**Exercise details**
The response should be the lines of the data, starting at the first and ending at the one that contains "('x \<Rightarrow>\<^sub>L 'x) \<Rightarrow>", copied without change.

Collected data
definition a_output_stable ::
  "nat \<Rightarrow> ('x::real_inner \<Rightarrow>\<^sub>L 'y::real_inner) \<Rightarrow> (nat \<Rightarrow> ('x \<Rightarrow>\<^sub>L 'x)) \<Rightarrow> bool" where
  "a_output_stable d C A \<longleftrightarrow>
     (\<forall>x. (\<lambda>n. arv_weight d n * (norm (acoef d C A n x))\<^sup>2) summable_on multi d) \<and>
     (\<exists>M. \<forall>x. infsum (\<lambda>n. arv_weight d n * (norm (acoef d C A n x))\<^sup>2) (multi d)
              \<le> M * (norm x)\<^sup>2)"

text \<open>Gramians G = O^* O, characterised as the bounded operator whose bilinear form is
  <G x, y> = <O x, O y> (inner product of the output space).\<close>
definition gramian ::
  "nat \<Rightarrow> ('x::{real_inner,complete_space} \<Rightarrow>\<^sub>L 'y::{real_inner,complete_space})
   \<Rightarrow> (nat \<Rightarrow> ('x \<Rightarrow>\<^sub>L 'x)) \<Rightarrow> ('x \<Rightarrow>\<^sub>L 'x)" where
  "gramian d C A = (THE G::(_ \<Rightarrow>\<^sub>L _). \<forall>x y. inner (blinfun_apply G x) y =
      infsum (\<lambda>v. inner (C (opw A v x)) (C (opw A v y))) (words d))"

definition a_gramian ::
  "nat \<Rightarrow> ('x::{real_inner,complete_space} \<Rightarrow>\<^sub>L 'y::{real_inner,complete_space})
   \<Rightarrow> (nat \<Rightarrow> ('x \<Rightarrow>\<^sub>L 'x)) \<Rightarrow> ('x \<Rightarrow>\<^sub>L 'x)" where
  "a_gramian d C A = (THE G::(_ \<Rightarrow>\<^sub>L _). \<forall>x y. inner (blinfun_apply G x) y =
      infsum (\<lambda>n. arv_weight d n * inner (acoef d C A n x) (acoef d C A n y)) (multi d))"

definition op_le :: "('x::real_inner \<Rightarrow>\<^sub>L 'x) \<Rightarrow> ('x \<Rightarrow>\<^sub>L 'x) \<Rightarrow> bool" where
  "op_le G H \<longleftrightarrow> (\<forall>x. inner (G x) x \<le> inner (H x) x)"

definition C_abelian ::
  "nat \<Rightarrow> ('x::real_normed_vector \<Rightarrow>\<^sub>L 'y::real_normed_vector) \<Rightarrow> (nat \<Rightarrow> ('x \<Rightarrow>\<^sub>L 'x)) \<Rightarrow> bool" where
  "C_abelian d C A \<longleftrightarrow>
     (\<forall>u\<in>words d. \<forall>v\<in>words d. abel u = abel v \<longrightarrow> C o\<^sub>L opw A u = C o\<^sub>L opw A v)"

end

theory Submission
  imports Defs "HOL-Combinatorics.Multiset_Permutations"
begin
definition simple_lie_algebra :: "('k::field \<Rightarrow> 'v::ab_group_add \<Rightarrow> 'v) \<Rightarrow> ('v \<Rightarrow> 'v \<Rightarrow> 'v) \<Rightarrow> bool" where
  "simple_lie_algebra s br \<longleftrightarrow> lie_algebra s br \<and> (\<exists>x y. br x y \<noteq> 0)
     \<and> (\<forall>I. lie_ideal s br I \<longrightarrow> I = {0} \<or> I = UNIV)"

definition Z2_grading :: "('k::field \<Rightarrow> 'v::ab_group_add \<Rightarrow> 'v) \<Rightarrow> ('v \<Rightarrow> 'v \<Rightarrow> 'v) \<Rightarrow> 'v set \<Rightarrow> 'v set \<Rightarrow> bool" where
  "Z2_grading s br g0 g1 \<longleftrightarrow> module.subspace s g0 \<and> module.subspace s g1
     \<and> g0 \<inter> g1 = {0} \<and> (\<forall>v. \<exists>a\<in>g0. \<exists>b\<in>g1. v = a + b)
     \<and> (\<forall>x\<in>g0. \<forall>y\<in>g0. br x y \<in> g0)
     \<and> (\<forall>x\<in>g0. \<forall>y\<in>g1. br x y \<in> g1)
     \<and> (\<forall>x\<in>g1. \<forall>y\<in>g0. br x y \<in> g1)
     \<and> (\<forall>x\<in>g1. \<forall>y\<in>g1. br x y \<in> g0)"

definition lie_triple_subsystem :: "('k::field \<Rightarrow> 'v::ab_group_add \<Rightarrow> 'v) \<Rightarrow> ('v \<Rightarrow> 'v \<Rightarrow> 'v) \<Rightarrow> 'v set \<Rightarrow> bool" where
  "lie_triple_subsystem s br T \<longleftrightarrow> module.subspace s T
     \<and> (\<forall>x\<in>T. \<forall>y\<in>T. \<forall>z\<in>T. br (br x y) z \<in> T)"

definition maximal_lie_triple_subsystem :: "('k::field \<Rightarrow> 'v::ab_group_add \<Rightarrow> 'v) \<Rightarrow> ('v \<Rightarrow> 'v \<Rightarrow> 'v) \<Rightarrow> 'v set \<Rightarrow> bool" where
  "maximal_lie_triple_subsystem s br T \<longleftrightarrow> lie_triple_subsystem s br T \<and> T \<noteq> UNIV
     \<and> (\<forall>T'. lie_triple_subsystem s br T' \<and> T' \<noteq> UNIV \<and> T \<subseteq> T' \<longrightarrow> T' = T)"

end

theory Submission
  imports Defs
begin

text \<open>The odd part generates the even part: \<open>span [g1,g1] + g1\<close> is a nonzero ideal, so
\<open>g0 = span [g1,g1]\<close>. Now let \<open>T \<supseteq> g1\<close> be a proper Lie triple subsystem and \<open>A = T \<inter> g0\<close>.
Since \<open>[[g1,g1],A] \<subseteq> T \<inter> g0\<close>, the even part \<open>g0\<close> stabilises \<open>A\<close>, and \<open>A + span [A,g1]\<close>
is a graded ideal. It cannot be everything, for then \<open>g0 \<subseteq> T\<close> and \<open>T\<close> would not be
proper; by simplicity it is zero, so \<open>A = 0\<close> and \<open>T = g1\<close>. No finiteness of the
dimension and no property of the ground field is needed.\<close>

locale lie_alg = vector_space scale
  for scale :: "'k::field \<Rightarrow> 'v::ab_group_add \<Rightarrow> 'v" (infixr \<open>*s\<close> 75) +
  fixes br :: "'v \<Rightarrow> 'v \<Rightarrow> 'v"
  assumes bracket_add_left: "br (x + y) z = br x z + br y z"
    and bracket_add_right: "br x (y + z) = br x y + br x z"
    and bracket_scale_left: "br (a *s x) y = a *s br x y"
    and bracket_scale_right: "br x (a *s y) = a *s br x y"
    and bracket_self: "br x x = 0"
    and jacobi: "br x (br y z) + br y (br z x) + br z (br x y) = 0"
begin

**Solution to the exercise**
definition a_output_stable ::
  "nat \<Rightarrow> ('x::real_inner \<Rightarrow>\<^sub>L 'y::real_inner) \<Rightarrow> (nat \<Rightarrow> ('x \<Rightarrow>\<^sub>L 'x)) \<Rightarrow> bool" where
  "a_output_stable d C A \<longleftrightarrow>
     (\<forall>x. (\<lambda>n. arv_weight d n * (norm (acoef d C A n x))\<^sup>2) summable_on multi d) \<and>
     (\<exists>M. \<forall>x. infsum (\<lambda>n. arv_weight d n * (norm (acoef d C A n x))\<^sup>2) (multi d)
              \<le> M * (norm x)\<^sup>2)"

text \<open>Gramians G = O^* O, characterised as the bounded operator whose bilinear form is
  <G x, y> = <O x, O y> (inner product of the output space).\<close>
definition gramian ::
  "nat \<Rightarrow> ('x::{real_inner,complete_space} \<Rightarrow>\<^sub>L 'y::{real_inner,complete_space})
   \<Rightarrow> (nat \<Rightarrow> ('x \<Rightarrow>\<^sub>L 'x)) \<Rightarrow> ('x \<Rightarrow>\<^sub>L 'x)" where
  "gramian d C A = (THE G::(_ \<Rightarrow>\<^sub>L _). \<forall>x y. inner (blinfun_apply G x) y =
      infsum (\<lambda>v. inner (C (opw A v x)) (C (opw A v y))) (words d))"

definition a_gramian ::
  "nat \<Rightarrow> ('x::{real_inner,complete_space} \<Rightarrow>\<^sub>L 'y::{real_inner,complete_space})
   \<Rightarrow> (nat \<Rightarrow> ('x \<Rightarrow>\<^sub>L 'x)) \<Rightarrow> ('x \<Rightarrow>\<^sub>L 'x)" where
  "a_gramian d C A = (THE G::(_ \<Rightarrow>\<^sub>L _). \<forall>x y. inner (blinfun_apply G x) y =
      infsum (\<lambda>n. arv_weight d n * inner (acoef d C A n x) (acoef d C A n y)) (multi d))"

definition op_le :: "('x::real_inner \<Rightarrow>\<^sub>L 'x) \<Rightarrow> ('x \<Rightarrow>\<^sub>L 'x) \<Rightarrow> bool" where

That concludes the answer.